A new software collaboration makes a vast range of biological databases more accessible for exploitation
Data mining and visualisation software created to help plant scientists trawl diverse biological databases for clues to design better crops can now support less specialist users and across a range of disciplines, including human disease research.
KnetMiner, with a silent “K” and standing for Knowledge Network Miner, is a suite of open-source software tools developed at Rothamsted Research for integrating and visualising large biological datasets. Genestack, with whom Rothamsted is collaborating, provides a secure, commercial platform.
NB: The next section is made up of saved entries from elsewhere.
lemma card_l_coset_Diff:
  assumes "x \<in> carrier G" "A \<subseteq> carrier G"
  shows "card ((x <# A) - A) = card {a\<in>A. x \<otimes> a \<notin> A}"
proof -
  have "(x <# A) - A = (\<lambda>a. x \<otimes> a) ` {a\<in>A. x \<otimes> a \<notin> A}"
    unfolding l_coset_def by auto
  moreover have "inj_on (\<lambda>a. x \<otimes> a) A"
    using assms inj_on_cmult inj_on_subset by blast
  ultimately show ?thesis
    by (simp add: card_image inj_on_subset)
qed

lemma card_set_mult_singleton_Diff:
  assumes "a \<in> carrier G" "X \<subseteq> carrier G"
  shows "card ((X <#> {a}) - A) = card {x\<in>X. x \<otimes> a \<notin> A}"
proof -
  have "(X <#> {a}) - A = (\<lambda>x. x \<otimes> a) ` {x\<in>X. x \<otimes> a \<notin> A}"
    unfolding set_mult_def by auto
  moreover have "inj_on (\<lambda>x. x \<otimes> a) X"
    using assms inj_on_multc inj_on_subset by blast
  ultimately show ?thesis
    by (simp add: card_image inj_on_subset)
qed

lemma card_mult_into_le_card_Diff_l_coset:
  assumes "x \<in> carrier G" "A \<subseteq> carrier G" "finite A" "Y \<subseteq> carrier G" "Y \<inter> A = {}"
  shows "card {y\<in>Y. x \<otimes> y \<in> A} \<le> card (A - (x <# A))"
proof (rule card_inj_on_le)
  show "inj_on (\<lambda>y. x \<otimes> y) {y\<in>Y. x \<otimes> y \<in> A}"
    using assms inj_on_cmult[of x] by (auto intro: inj_on_subset)
  show "(\<lambda>y. x \<otimes> y) ` {y\<in>Y. x \<otimes> y \<in> A} \<subseteq> A - (x <# A)"
  proof clarsimp
    fix y assume y: "y \<in> Y" "x \<otimes> y \<in> A" "x \<otimes> y \<in> x <# A"
    then obtain a where "a \<in> A" "x \<otimes> y = x \<otimes> a"
      unfolding l_coset_def by auto
    with y assms have "y = a"
      by (meson inj_on_cmult inj_onD subsetD)
    with y assms \<open>a \<in> A\<close> show False
      by blast
  qed
  show "finite (A - (x <# A))"
    using assms(3) by simp
qed

lemma sum_card_set_mult_singleton_Diff:
  assumes "A \<subseteq> carrier G" "finite A" "X \<subseteq> carrier G" "finite X"
  shows "(\<Sum>a\<in>A. card ((X <#> {a}) - A)) = (\<Sum>x\<in>X. card ((x <# A) - A))"
  using assms sum_card_Collect_swap[of X A "\<lambda>x a. x \<otimes> a \<notin> A"]
  by (simp add: subsetD card_set_mult_singleton_Diff card_l_coset_Diff)

lemma sum_card_mult_into_le:
  assumes "A \<subseteq> carrier G" "finite A" "X \<subseteq> carrier G" "finite X"
    and "B \<subseteq> carrier G" "finite B" "B \<inter> A = {}"
  shows "(\<Sum>y\<in>B. card {x\<in>X. x \<otimes> y \<in> A}) \<le> (\<Sum>x\<in>X. card (A - (x <# A)))"
proof -
  have "(\<Sum>y\<in>B. card {x\<in>X. x \<otimes> y \<in> A}) = (\<Sum>x\<in>X. card {y\<in>B. x \<otimes> y \<in> A})"
    using assms by (intro sum_card_Collect_swap[symmetric])
  also have "\<dots> \<le> (\<Sum>x\<in>X. card (A - (x <# A)))"
    using assms by (intro sum_mono card_mult_into_le_card_Diff_l_coset) auto
  finally show ?thesis .
qed

lemma card_le_card_mult_into:
  assumes "A \<subseteq> carrier G" "finite A" "X \<subseteq> carrier G" "finite X"
    and "a \<in> carrier G" "s \<in> carrier G"
  shows "card X \<le> card {x\<in>X. x \<otimes> (a \<otimes> s) \<in> A} + card ((X <#> {a}) - A) + card ((A #> s) - A)"
proof -
  let ?lost = "{x\<in>X. x \<otimes> a \<in> A \<and> x \<otimes> (a \<otimes> s) \<notin> A}"
  have "inj_on (\<lambda>x. x \<otimes> (a \<otimes> s)) ?lost"
    using assms inj_on_multc[of "a \<otimes> s"] by (auto intro: inj_on_subset)
  moreover have "(\<lambda>x. x \<otimes> (a \<otimes> s)) ` ?lost \<subseteq> (A #> s) - A"
  proof clarsimp
    fix x assume x: "x \<in> X" "x \<otimes> a \<in> A"
    with assms have "x \<otimes> (a \<otimes> s) = (x \<otimes> a) \<otimes> s"
      by (simp add: m_assoc subsetD)
    with x show "x \<otimes> (a \<otimes> s) \<in> A #> s"
      unfolding r_coset_def by auto
  qed
  moreover have "finite ((A #> s) - A)"
    using assms(2) by (simp add: r_coset_def)
  ultimately have lost: "card ?lost \<le> card ((A #> s) - A)"
    by (rule card_inj_on_le)
  let ?into = "{x\<in>X. x \<otimes> (a \<otimes> s) \<in> A}" and ?out = "{x\<in>X. x \<otimes> a \<notin> A}"
  have "card X \<le> card (?into \<union> ?out \<union> ?lost)"
    using assms(4) by (intro card_mono) auto
  also have "\<dots> \<le> card ?into + card ?out + card ?lost"
    using card_Un_le[of "?into \<union> ?out" ?lost] card_Un_le[of ?into ?out] by linarith
  finally show ?thesis
    using lost assms by (simp add: card_set_mult_singleton_Diff)
qed

lemma card_Diff_le_of_popular_subset:
  fixes \<eta> \<delta> :: real
  assumes "A \<subseteq> carrier G" "finite A" "X \<subseteq> left_stab G \<eta> A" "finite X" "X \<noteq> {}" "0 < \<delta>"
    and "{a\<in>A. card ((X <#> {a}) - A) < \<delta> * card X} \<subseteq> D"
  shows "card (A - D) \<le> \<eta> / \<delta> * card A"
proof -
  let ?unpopular = "{a\<in>A. \<delta> * card X \<le> card ((X <#> {a}) - A)}"
  have X: "X \<subseteq> carrier G"
    using assms(3) left_stab_subset_carrier by (rule order_trans)
  have "\<delta> * card X * card ?unpopular \<le> (\<Sum>a\<in>A. real (card ((X <#> {a}) - A)))"
    using assms(2) by (intro card_threshold_mult_le_sum) auto
  also have "\<dots> = (\<Sum>x\<in>X. real (card ((x <# A) - A)))"
    using arg_cong[OF sum_card_set_mult_singleton_Diff[OF assms(1,2) X assms(4)], of real] by simp
  also have "\<dots> \<le> (\<Sum>x\<in>X. \<eta> * card A)"
    using assms(2,3) by (intro sum_mono left_stab_card_Diff_le) auto
  finally have "card ?unpopular * \<delta> * card X \<le> \<eta> * card A * card X"
    by (simp add: algebra_simps)
  then have "card ?unpopular \<le> \<eta> / \<delta> * card A"
    using assms(4-6) by (simp add: card_gt_0_iff field_simps)
  moreover have "card (A - D) \<le> card ?unpopular"
    using assms(2,7) by (intro card_mono) (auto simp: not_less)
  ultimately show ?thesis
    by linarith
qed

lemma card_often_mult_into_le:
  fixes \<eta> t :: real
  assumes "A \<subseteq> carrier G" "finite A" "X \<subseteq> left_stab G \<eta> A" "finite X" "X \<noteq> {}" "0 < t"
    and "B \<subseteq> carrier G" "B \<inter> A = {}" "\<And>y. y \<in> B \<Longrightarrow> t * card X \<le> card {x\<in>X. x \<otimes> y \<in> A}"
  shows "card B \<le> \<eta> / t * card A"
proof (cases "finite B")
  case False
  obtain x where "x \<in> X"
    using assms(5) by blast
  then have "real (card ((x <# A) - A)) \<le> \<eta> * card A"
    using assms(2,3) by (intro left_stab_card_Diff_le) auto
  then have "0 \<le> \<eta> * card A"
    using of_nat_0_le_iff order_trans by blast
  with False show ?thesis
    using assms(6) by simp
next
  case True
  have X: "X \<subseteq> carrier G"
    using assms(3) left_stab_subset_carrier by (rule order_trans)
  have "t * card X * card B = (\<Sum>y\<in>B. t * card X)"
    by simp
  also have "\<dots> \<le> (\<Sum>y\<in>B. real (card {x\<in>X. x \<otimes> y \<in> A}))"
    by (intro sum_mono assms(9))
  also have "\<dots> \<le> (\<Sum>x\<in>X. real (card (A - (x <# A))))"
    using sum_card_mult_into_le[OF assms(1,2) X assms(4,7) True assms(8)] by (simp flip: of_nat_sum)
  also have "\<dots> \<le> (\<Sum>x\<in>X. \<eta> * card A)"
    using assms(2,3) by (intro sum_mono left_stab_card_Diff_le) auto
  finally have "card B * t * card X \<le> \<eta> * card A * card X"
    by (simp add: algebra_simps)
  then show ?thesis
    using assms(4-6) by (simp add: card_gt_0_iff field_simps)
qed

lemma card_mult_into_ge:
  fixes \<delta> \<rho> :: real
  assumes "A \<subseteq> carrier G" "finite A" "X \<subseteq> carrier G" "finite X" "a \<in> carrier G"
    and "card ((X <#> {a}) - A) < \<delta> * card X"
    and "s \<in> right_stab G \<rho> A" "\<rho> * card A \<le> \<delta> * card X"
  shows "(1 - 2 * \<delta>) * card X \<le> card {x\<in>X. x \<otimes> (a \<otimes> s) \<in> A}"
proof -
  have "s \<in> carrier G"
    using assms(7) by (simp add: right_stab_def)
  then have "card X \<le> card {x\<in>X. x \<otimes> (a \<otimes> s) \<in> A} + card ((X <#> {a}) - A) + card ((A #> s) - A)"
    by (rule card_le_card_mult_into[OF assms(1-5)])
  then have "real (card X) \<le> card {x\<in>X. x \<otimes> (a \<otimes> s) \<in> A} + card ((X <#> {a}) - A) + card ((A #> s) - A)"
    by (simp only: of_nat_add[symmetric] of_nat_le_iff)
  moreover have "card ((A #> s) - A) \<le> \<rho> * card A"
    by (rule right_stab_card_Diff_le[OF assms(7,2)])
  ultimately show ?thesis
    using assms(6,8) by (simp add: algebra_simps)
qed

lemma card_Diff_le_of_subset_popular_mult_stab:
  fixes \<eta> \<delta> \<nu> :: real
  assumes "A \<subseteq> carrier G" "finite A" "X \<subseteq> left_stab G \<eta> A" "finite X" "X \<noteq> {}"
    and "0 < \<delta>" "\<delta> < 1 / 2" "\<nu> * card A \<le> card X"
    and "D \<subseteq> {a\<in>A. card ((X <#> {a}) - A) < \<delta> * card X} <#> right_stab G (\<delta> * \<nu>) A"
  shows "card (D - A) \<le> \<eta> / (1 - 2 * \<delta>) * card A"
proof (rule card_often_mult_into_le[OF assms(1-5)])
  let ?popular = "{a\<in>A. card ((X <#> {a}) - A) < \<delta> * card X}"
  have "?popular <#> right_stab G (\<delta> * \<nu>) A \<subseteq> carrier G"
    using assms(1) by (intro set_mult_closed) (auto simp: right_stab_def)
  with assms(9) show "D - A \<subseteq> carrier G"
    by blast
  have X: "X \<subseteq> carrier G"
    using assms(3) left_stab_subset_carrier by (rule order_trans)
  fix y assume "y \<in> D - A"
  then obtain a s where a: "a \<in> ?popular" and s: "s \<in> right_stab G (\<delta> * \<nu>) A" and "y = a \<otimes> s"
    using assms(9) unfolding set_mult_def by blast
  have "\<delta> * \<nu> * card A \<le> \<delta> * card X"
    using assms(6,8) by (simp add: mult.assoc)
  with a show "(1 - 2 * \<delta>) * card X \<le> card {x\<in>X. x \<otimes> y \<in> A}"
    unfolding \<open>y = a \<otimes> s\<close> using assms(1) by (intro card_mult_into_ge[OF assms(1,2) X assms(4) _ _ s]) auto
qed (use assms(7) in auto)

end
(* Let Assumption (W) hold and assume additionally that $W$ does not depend on $x_3$ (so $Q$, $Q_2$ do not either). Then for all $A,U\in\mathbb R^{2\times2}_{sym}$: $Q_{el}(A)=\frac1{12}\min_{d\in\mathbb R^3}Q\big(\iota(A)+\mathrm{sym}(d\otimes e_3)\big)$, $E_{res}(U)=\frac3{16}Q_{el}(U)$, and $\mathbb B(U)=\frac34U$. If moreover $Q(A)=\frac\lambda2(\mathrm{tr}A)^2+\mu|\mathrm{sym}A|^2$ for all $A\in\mathbb R^{3\times3}$ (with constants $\lambda,\mu$ for which this $Q$ is compatible with Assumption (W)), then $Q_{el}(A)=\frac1{12}\Big(\frac{\mu\lambda}{\lambda+2\mu}(\mathrm{tr}A)^2+\mu|A|^2\Big)$ and $E_{res}(U)=\frac1{64}\Big(\frac{\mu\lambda}{\lambda+2\mu}(\mathrm{tr}U)^2+\mu|U|^2\Big)$.
   Context: Assumption (W): there are $C_W>0$, $q_W>4$ and a monotone $r_W:[0,\infty)\to[0,\infty]$ with $r_W(\delta)\to0$ as $\delta\to0$, and $W:(-\frac12,\frac12)\times\mathbb R^{3\times3}\to[0,\infty]$ is Borel with, for all $x_3$: (W1) $W(x_3,RF)=W(x_3,F)$ for all $R\in SO(3)$; (W2) $W(x_3,F)\ge C_W^{-1}\mathrm{dist}^2(F,SO(3))$ for all $F$, and $W(x_3,F)\le C_W\mathrm{dist}^2(F,SO(3))$ whenever $\mathrm{dist}^2(F,SO(3))\le1/C_W$; (W3) there is a quadratic form $Q(x_3,\cdot)$ on $\mathbb R^{3\times3}$ with $|W(x_3,I+G)-Q(x_3,G)|\le|G|^2r_W(|G|)$; (W4) $W(x_3,F)\ge C_W^{-1}\max\{|F|^{q_W},(\det F)^{-q_W/2}\}-C_W$ if $\det F>0$, $W(x_3,F)=+\infty$ if $\det F\le0$. Notation: for $A\in\mathbb R^{2\times2}$, $\iota(A)\in\mathbb R^{3\times3}$ has upper-left block $A$ and zeros elsewhere; $\mathrm{sym}G=\frac12(G+G^\top)$; $A\cdot B=\mathrm{tr}(A^\top B)$. For $A,U\in\mathbb R^{2\times2}_{sym}$: $Q_2(x_3,A):=\min_{d\in\mathbb R^3}Q(x_3,\iota(A)+\mathrm{sym}(d\otimes e_3))$; $Q_{el}(A):=\min_{M\in\mathbb R^{2\times2}_{sym}}\int_{-1/2}^{1/2}Q_2(x_3,x_3A+M)\,dx_3$; $E_{res}(U):=\min_{A,M\in\mathbb R^{2\times2}_{sym}}\int_{-1/2}^{1/2}Q_2(x_3,x_3A+M+\mathbf 1(x_3>0)\tfrac12U)\,dx_3$. With $G_1=e_1\otimes e_1$, $G_2=e_2\otimes e_2$, $G_3=\frac1{\sqrt2}(e_1\otimes e_2+e_2\otimes e_1)$, let $(A_i,M_i)$ be the unique minimizer over $(\mathbb R^{2\times2}_{sym})^2$ of $(A,M)\mapsto\int_{-1/2}^{1/2}Q_2(x_3,\mathbf 1(x_3>0)\tfrac12G_i-(x_3A+M))dx_3$, and $\mathbb B(U):=\sum_{i=1}^3(U\cdot G_i)A_i$. *)

theory Defs
  imports "HOL-Analysis.Analysis"
begin

type_synonym mat3 = "real^3^3"
type_synonym mat2 = "real^2^2"

definition Sym2 :: "mat2 set" where
  "Sym2 = {A. transpose A = A}"

definition SO3 :: "mat3 set" where
  "SO3 = {R. orthogonal_matrix R \<and> det R = 1}"

text \<open>Symmetric part, outer product, third basis vector, embedding iota.
  Indices of type 3 are 1,2,3 (3 = 0 in the numeral type); of type 2 are 1,2.\<close>
definition symm :: "'a::field^'n^'n \<Rightarrow> 'a^'n^'n" where
  "symm G = (\<chi> i j. (G $ i $ j + G $ j $ i) / 2)"

definition outer :: "real^3 \<Rightarrow> real^3 \<Rightarrow> mat3" where
  "outer a b = (\<chi> i j. a $ i * b $ j)"

definition e3 :: "real^3" where
  "e3 = axis (3::3) 1"

definition iota :: "mat2 \<Rightarrow> mat3" where
  "iota A = (\<chi> i j.
     if i = 1 \<and> j = 1 then A $ 1 $ 1
     else if i = 1 \<and> j = 2 then A $ 1 $ 2
     else if i = 2 \<and> j = 1 then A $ 2 $ 1
     else if i = 2 \<and> j = 2 then A $ 2 $ 2
     else 0)"

definition quadratic_form :: "(mat3 \<Rightarrow> real) \<Rightarrow> bool" where
  "quadratic_form Q \<longleftrightarrow> (\<exists>B. bilinear B \<and> (\<forall>G. Q G = B G G))"

definition assumption_W :: "real \<Rightarrow> real \<Rightarrow> (real \<Rightarrow> ereal) \<Rightarrow> (mat3 \<Rightarrow> ereal) \<Rightarrow> (mat3 \<Rightarrow> real) \<Rightarrow> bool" where
  "assumption_W CW qW rW W Q \<longleftrightarrow>
     CW > 0 \<and> qW > 4 \<and>
     (\<forall>d. 0 \<le> d \<longrightarrow> 0 \<le> rW d) \<and> mono_on {0..} rW \<and> (rW \<longlongrightarrow> 0) (at 0 within {0..}) \<and>
     W \<in> borel_measurable borel \<and> (\<forall>F. 0 \<le> W F) \<and>
     (\<forall>R\<in>SO3. \<forall>F. W (R ** F) = W F) \<and>
     (\<forall>F. W F \<ge> ereal ((infdist F SO3)\<^sup>2 / CW)) \<and>
     (\<forall>F. (infdist F SO3)\<^sup>2 \<le> 1 / CW \<longrightarrow> W F \<le> ereal (CW * (infdist F SO3)\<^sup>2)) \<and>
     quadratic_form Q \<and>
     (\<forall>G. \<bar>W (mat 1 + G) - ereal (Q G)\<bar> \<le> ereal ((norm G)\<^sup>2) * rW (norm G)) \<and>
     (\<forall>F. det F > 0 \<longrightarrow>
         W F \<ge> ereal (max (norm F powr qW) (det F powr (- qW / 2)) / CW - CW)) \<and>
     (\<forall>F. det F \<le> 0 \<longrightarrow> W F = \<infinity>)"

definition Q2 :: "(real \<Rightarrow> mat3 \<Rightarrow> real) \<Rightarrow> real \<Rightarrow> mat2 \<Rightarrow> real" where
  "Q2 Qx x3 A = (INF d. Qx x3 (iota A + symm (outer d e3)))"

definition Qel :: "(real \<Rightarrow> mat3 \<Rightarrow> real) \<Rightarrow> mat2 \<Rightarrow> real" where
  "Qel Qx A = (INF M\<in>Sym2. integral {-(1/2)..1/2} (\<lambda>x3. Q2 Qx x3 (x3 *\<^sub>R A + M)))"

definition Eres :: "(real \<Rightarrow> mat3 \<Rightarrow> real) \<Rightarrow> mat2 \<Rightarrow> real" where
  "Eres Qx U = (INF AM\<in>Sym2 \<times> Sym2. integral {-(1/2)..1/2}
      (\<lambda>x3. Q2 Qx x3 (x3 *\<^sub>R fst AM + snd AM + (if x3 > 0 then (1/2) *\<^sub>R U else 0))))"

definition Gb :: "nat \<Rightarrow> mat2" where
  "Gb i = (if i = 1 then (\<chi> a b. if a = 1 \<and> b = 1 then 1 else 0)
           else if i = 2 then (\<chi> a b. if a = 2 \<and> b = 2 then 1 else 0)
           else (\<chi> a b. if a \<noteq> b then 1 / sqrt 2 else 0))"

definition Jfun :: "(real \<Rightarrow> mat3 \<Rightarrow> real) \<Rightarrow> nat \<Rightarrow> mat2 \<times> mat2 \<Rightarrow> real" where
  "Jfun Qx i AM = integral {-(1/2)..1/2}
      (\<lambda>x3. Q2 Qx x3 ((if x3 > 0 then (1/2) *\<^sub>R Gb i else 0) - (x3 *\<^sub>R fst AM + snd AM)))"

definition minimizer :: "(real \<Rightarrow> mat3 \<Rightarrow> real) \<Rightarrow> nat \<Rightarrow> mat2 \<times> mat2" where
  "minimizer Qx i = (THE AM. AM \<in> Sym2 \<times> Sym2 \<and> (\<forall>AM'\<in>Sym2 \<times> Sym2. Jfun Qx i AM \<le> Jfun Qx i AM'))"

definition BB :: "(real \<Rightarrow> mat3 \<Rightarrow> real) \<Rightarrow> mat2 \<Rightarrow> mat2" where
  "BB Qx U = (\<Sum>i\<in>{1,2,3::nat}. (U \<bullet> Gb i) *\<^sub>R fst (minimizer Qx i))"

end

theory Submission
  imports Defs
begin

text \<open>
  For an \<open>x\<^sub>3\<close>-independent \<open>Q\<close> the relaxed form
  \<open>Q\<^sub>2(A) = min\<^sub>d Q(\<iota>(A) + sym(d \<otimes> e\<^sub>3))\<close> is itself a quadratic form. Indeed \<open>Q\<close> is
  coercive on symmetric matrices (compare \<open>W(I + tG)\<close> with \<open>Q(tG) = t\<^sup>2 Q(G)\<close> via (W2), (W3)
  and let \<open>t \<rightarrow> 0\<close>), so an optimal shear \<open>d\<close> exists; it is characterised by orthogonality
  to all shears in the bilinear form of \<open>Q\<close> and therefore depends linearly on \<open>A\<close>.

  Every integrand in \<open>Q\<^sub>e\<^sub>l\<close>, \<open>E\<^sub>r\<^sub>e\<^sub>s\<close> and in the problem defining \<open>(A\<^sub>i, M\<^sub>i)\<close> is then \<open>Q\<^sub>2\<close>
  applied to \<open>x\<^sub>3 R + S + 1(x\<^sub>3 > 0) P\<close>, whose integral over \<open>(-1/2, 1/2)\<close> is, after
  completing the square, \<open>Q\<^sub>2(R + 3/2 P)/12 + Q\<^sub>2(S + P/2) + Q\<^sub>2(P)/16\<close>. Minimising over
  \<open>R, S\<close> (uniquely, by positivity of \<open>Q\<^sub>2\<close>) gives \<open>Q\<^sub>e\<^sub>l = Q\<^sub>2/12\<close>, \<open>E\<^sub>r\<^sub>e\<^sub>s(U) = Q\<^sub>2(U)/64\<close>
  and \<open>A\<^sub>i = 3/4 G\<^sub>i\<close>. For the isotropic \<open>Q\<close> the minimisation over \<open>d\<close> is explicit.
\<close>

section \<open>Matrix algebra and the Frobenius norm\<close>

lemma transpose_add: "transpose (A + B) = transpose A + transpose (B::'a::semiring_1^'n^'m)"
  by (simp add: transpose_def vec_eq_iff)

lemma transpose_diff: "transpose (A - B) = transpose A - transpose (B::'a::ab_group_add^'n^'m)"
  by (simp add: transpose_def vec_eq_iff)

lemma matrix_add_rdistrib: "((A::'a::semiring_1^'n^'m) + B) ** C = A ** C + B ** C"
  by (simp add: matrix_matrix_mult_def vec_eq_iff sum.distrib distrib_right)

lemma matrix_diff_ldistrib: "(A::'a::ring_1^'n^'m) ** (B - C) = A ** B - A ** C"
  by (simp add: matrix_matrix_mult_def vec_eq_iff sum_subtractf right_diff_distrib)

lemma matrix_diff_rdistrib: "((A::'a::ring_1^'n^'m) - B) ** C = A ** C - B ** C"
  by (simp add: matrix_matrix_mult_def vec_eq_iff sum_subtractf left_diff_distrib)

lemma symm_add: "symm (G + H) = symm G + symm (H::'a::field^'n^'n)"
  by (simp add: vec_eq_iff symm_def add_divide_distrib)

lemma symm_eq_half_add_transpose: "symm G = (1/2) *\<^sub>R (G + transpose (G::real^'n^'n))"
  by (simp add: vec_eq_iff symm_def transpose_def)

lemma gram_minus_id_eq:
  assumes "transpose R ** R = (mat 1 :: 'a::comm_ring_1^'n^'n)"
  shows "transpose F ** F - mat 1
    = transpose (F - R) ** (F - R) + transpose (F - R) ** R + transpose R ** (F - R)"
  by (simp add: transpose_diff matrix_diff_ldistrib matrix_diff_rdistrib assms)

lemma norm_vec_power2: "(norm (x::'a::real_inner^'n))\<^sup>2 = (\<Sum>i\<in>UNIV. (norm (x$i))\<^sup>2)"
  by (simp add: power2_norm_eq_inner inner_vec_def)

lemma norm_matrix_power2: "(norm (X::real^'n^'m))\<^sup>2 = (\<Sum>i\<in>UNIV. \<Sum>j\<in>UNIV. (X$i$j)\<^sup>2)"
  by (simp add: norm_vec_power2)
(* Let $\beta>0$, $\gamma\in(\frac12,1)$, $c_0=\frac{(2\beta)^{1/\gamma}}{4\gamma}$, $\varkappa=\frac32-\frac1{2\gamma}$, let $\eta>0$ and $U=(0,\eta)$. For $\varepsilon\in U$ put $Z_2(\varepsilon)=\frac1{5\varepsilon^{2/3}}$, and put $Z_2(0)=+\infty$. For $\varepsilon\in U\cup\{0\}$ and $z\in[-Z_2(\varepsilon),-1]$ define $$\widehat T(z,\varepsilon)=\begin{pmatrix}0&T_{12}(z,\varepsilon)\\ T_{21}(z,\varepsilon)&0\end{pmatrix},$$ $$T_{12}(z,\varepsilon)=\int_{-Z_2(\varepsilon)}^z\frac{ds}{4s(1+i\varepsilon^{1/3}\sqrt{-s})}\exp\Big(\int_s^z\frac{2ic_0\sqrt{-\sigma}\,d\sigma}{(1-\varepsilon^{2/3}\sigma)^{\varkappa}}\Big),\quad T_{21}(z,\varepsilon)=\int_{-Z_2(\varepsilon)}^z\frac{ds}{4s(1-i\varepsilon^{1/3}\sqrt{-s})}\exp\Big(-\int_s^z\frac{2ic_0\sqrt{-\sigma}\,d\sigma}{(1-\varepsilon^{2/3}\sigma)^{\varkappa}}\Big).$$ Then there exists $c_{IV}>0$ such that $\|\widehat T(z,\varepsilon)\|<\frac{c_{IV}}{|z|^{3/2}}$ for every $\varepsilon\in U\cup\{0\}$ and $z\in[-Z_2(\varepsilon),-1]$. *)

theory Defs
  imports "HOL-Analysis.Analysis"
begin

definition c0 :: "real \<Rightarrow> real \<Rightarrow> real" where
  "c0 \<beta> \<gamma> = (2 * \<beta>) powr (1 / \<gamma>) / (4 * \<gamma>)"

definition kappa :: "real \<Rightarrow> real" where
  "kappa \<gamma> = 3/2 - 1 / (2 * \<gamma>)"

text \<open>Z_2(eps) = 1/(5 eps^(2/3)) for eps > 0; Z_2(0) = +infinity is handled by dom_int.\<close>
definition Z2 :: "real \<Rightarrow> real" where
  "Z2 \<epsilon> = 1 / (5 * \<epsilon> powr (2/3))"

definition dom_int :: "real \<Rightarrow> real \<Rightarrow> real set" where
  "dom_int \<epsilon> z = (if \<epsilon> = 0 then {..z} else {- Z2 \<epsilon> .. z})"

definition phase :: "real \<Rightarrow> real \<Rightarrow> real \<Rightarrow> real \<Rightarrow> real \<Rightarrow> real" where
  "phase \<beta> \<gamma> \<epsilon> s z =
     integral {s..z} (\<lambda>\<sigma>. 2 * c0 \<beta> \<gamma> * sqrt (- \<sigma>) / (1 - \<epsilon> powr (2/3) * \<sigma>) powr kappa \<gamma>)"

definition f12 :: "real \<Rightarrow> real \<Rightarrow> real \<Rightarrow> real \<Rightarrow> real \<Rightarrow> complex" where
  "f12 \<beta> \<gamma> \<epsilon> z s =
     exp (\<i> * complex_of_real (phase \<beta> \<gamma> \<epsilon> s z)) /
     (4 * complex_of_real s * (1 + \<i> * complex_of_real (\<epsilon> powr (1/3) * sqrt (- s))))"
The software mines the myriad databases that describe an organism’s biology to present links between relevant pieces of information, such as genes, biological pathways, phenotypes or publications. The aim is to provide leads for scientists who are investigating the molecular basis for a particular trait or ways of improving the organism’s performance in some way.
“It takes the slog out of preliminary investigations when you need to explore multiple online resources to look for what might be happening,” says Chris Rawlings, head of computational and analytical sciences at Rothamsted. “It helps people to understand the complexity of the biology that underpins traits, of how different genes contribute to a phenotype.”
KnetMiner has proved itself at Rothamsted as it has evolved over the past five years from being a visualisation component of a data integration system, known as Ondex, developed at Rothamsted more than a decade ago.
“Genotype to phenotype analysis is at the core of what biologists do,” says Keywan Hassani-Pak, head of bioinformatics at Rothamsted and KnetMiner’s lead developer. “With KnetMiner, we have created software that enables biologists to take their own high-throughput experimental data and to see them in the context of all the public knowledge that is out there. This can help them to interpret their own data faster and more effectively.
“For a particular target species, such as a crop plant, KnetMiner integrates all the relevant genomics and multi-omics information that is present in more than 25 sources under a multitude of formats…and brings it together in the form of a heterogeneous knowledge network,” says Hassani-Pak.
He adds: “We don’t only integrate the data; we also create new relationships based, for example, on co-occurrences of genes and phenotypes in the scientific literature. We are the first in the UK to develop such detailed networks and make them mineable.”
With security-conscious corporations keen to use the software, KnetMiner has now advanced from being a research tool to a commercial product by joining with the Genestack software platform that is designed to overcome the challenges of bioinformatics in research enterprises.
“The Rothamsted researchers could spend months collecting all the data that was available for a particular organism, cleaning the data and writing scripts to transfer it into a format that was usable in KnetMiner and then presenting it so that other scientists could use the information,” says Misha Kapushesky, chief executive of Genestack.
After migrating KnetMiner onto the Genestack platform and automating the collection process, says Kapushesky: “It is now possible to simply ‘point and click’ on data that is in the public domain to create a network and then overlay your own data, using KnetMiner to visualise it.
“You can build your own network with collaborators in a secure environment. It is no longer a fixed set of data on the Rothamsted website but a dynamic tool that can be made commercially available,” says Kapushesky.
Genestack now hosts more than 40 plant and crop networks, as well as a prototype human disease network. Although the software originated in agri-research, network mining for gene discovery is generic and Genestack provides an environment for building and distributing these large-scale knowledge networks.
“There are a lot of tools out there that will return a list of ranked genes when you are conducting a gene candidate analysis, and of course KnetMiner also does that with its evidence-based gene rank algorithm. But most of them also stop there” says Hassani-Pak.
“KnetMiner is unique as it allows users to see how and why the prediction was made. They can fully understand the results because the process is completely transparent and the provenance is visualised” says Hassani-Pak. “There is no black box approach here.”
Hassani-Pak and Kapushesky say that this approach supports human-augmented knowledge discovery, which puts human experts – rather than machines – at the core of the decision-making process.
“We need to free [the human brain]from tedious tasks,” says Kapushesky. “By reducing the complexity, it makes it easier for researchers to see the patterns and links that push the frontiers of science further, and the tools also make it possible for others to apply the findings in a commercial environment.”
Rawlings adds: “This is a good example of how research software can be translated into a commercial platform for industry, with potential revenues, through royalty payments, returning to Rothamsted to fund further research.”